(* Every subquotient (in the category of $\mathcal{D}_{\mathbb{A}^n_{\mathbb{C}}}$-modules) of a linear module on $\mathbb{A}^n_{\mathbb{C}}$ is a linear module.
   Context: All $\mathcal{D}$-modules are algebraic. For a finite-dimensional $\mathbb{C}$-vector space $E$ and a linear form $\varphi:E\to\mathbb{C}$, let $\mathcal{E}^{\varphi}$ denote the $\mathcal{D}_E$-module $(\mathcal{O}_E, d+d\varphi)$. A \emph{linear module on $E$} is a $\mathcal{D}_E$-module isomorphic to a finite direct sum of modules of the form $\mathcal{E}^{\varphi}$ with $\varphi$ linear forms on $E$. *)

theory Defs
  imports Complex_Main
begin

text \<open>Polynomials in C[x_0,...,x_{n-1}] represented by their coefficient functions on
exponent vectors (nat => nat), finitely supported, and only involving variables i < n.\<close>

type_synonym cpoly = "(nat \<Rightarrow> nat) \<Rightarrow> complex"

definition polys :: "nat \<Rightarrow> cpoly set" where
  "polys n = {p. finite {a. p a \<noteq> 0} \<and> (\<forall>a. p a \<noteq> 0 \<longrightarrow> (\<forall>i\<ge>n. a i = 0))}"

definition mulX :: "nat \<Rightarrow> cpoly \<Rightarrow> cpoly" where
  "mulX i p = (\<lambda>a. if a i = 0 then 0 else p (a(i := a i - 1)))"

definition pderivX :: "nat \<Rightarrow> cpoly \<Rightarrow> cpoly" where
  "pderivX i p = (\<lambda>a. of_nat (a i + 1) * p (a(i := a i + 1)))"

text \<open>Action of d/dx_i on E^phi = (O_E, d + d phi), where phi = sum_i phi_i x_i:
  p |-> d_i p + phi_i p.\<close>
definition twD :: "(nat \<Rightarrow> complex) \<Rightarrow> nat \<Rightarrow> cpoly \<Rightarrow> cpoly" where
  "twD phi i p = (\<lambda>a. pderivX i p a + phi i * p a)"

text \<open>The linear module E^{phi_0} + ... + E^{phi_{m-1}} on A^n (phis = [phi_0,...]).
  Elements: families indexed by k < m, zero outside.\<close>
type_synonym lelem = "nat \<Rightarrow> cpoly"

definition lin_carrier :: "nat \<Rightarrow> (nat \<Rightarrow> complex) list \<Rightarrow> lelem set" where
  "lin_carrier n phis = {v. (\<forall>k < length phis. v k \<in> polys n) \<and>
                             (\<forall>k \<ge> length phis. v k = (\<lambda>_. 0))}"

**REQUIREMENT**
Begin at the line that has "(\<lambda>a. of_nat (a" in the entries above; stop after the line that has "(\<lambda>a. pderivX i". Transcribe exactly those lines and no others.

**ANSWER TO THIS TASK**
  "pderivX i p = (\<lambda>a. of_nat (a i + 1) * p (a(i := a i + 1)))"

text \<open>Action of d/dx_i on E^phi = (O_E, d + d phi), where phi = sum_i phi_i x_i:
  p |-> d_i p + phi_i p.\<close>
definition twD :: "(nat \<Rightarrow> complex) \<Rightarrow> nat \<Rightarrow> cpoly \<Rightarrow> cpoly" where
  "twD phi i p = (\<lambda>a. pderivX i p a + phi i * p a)"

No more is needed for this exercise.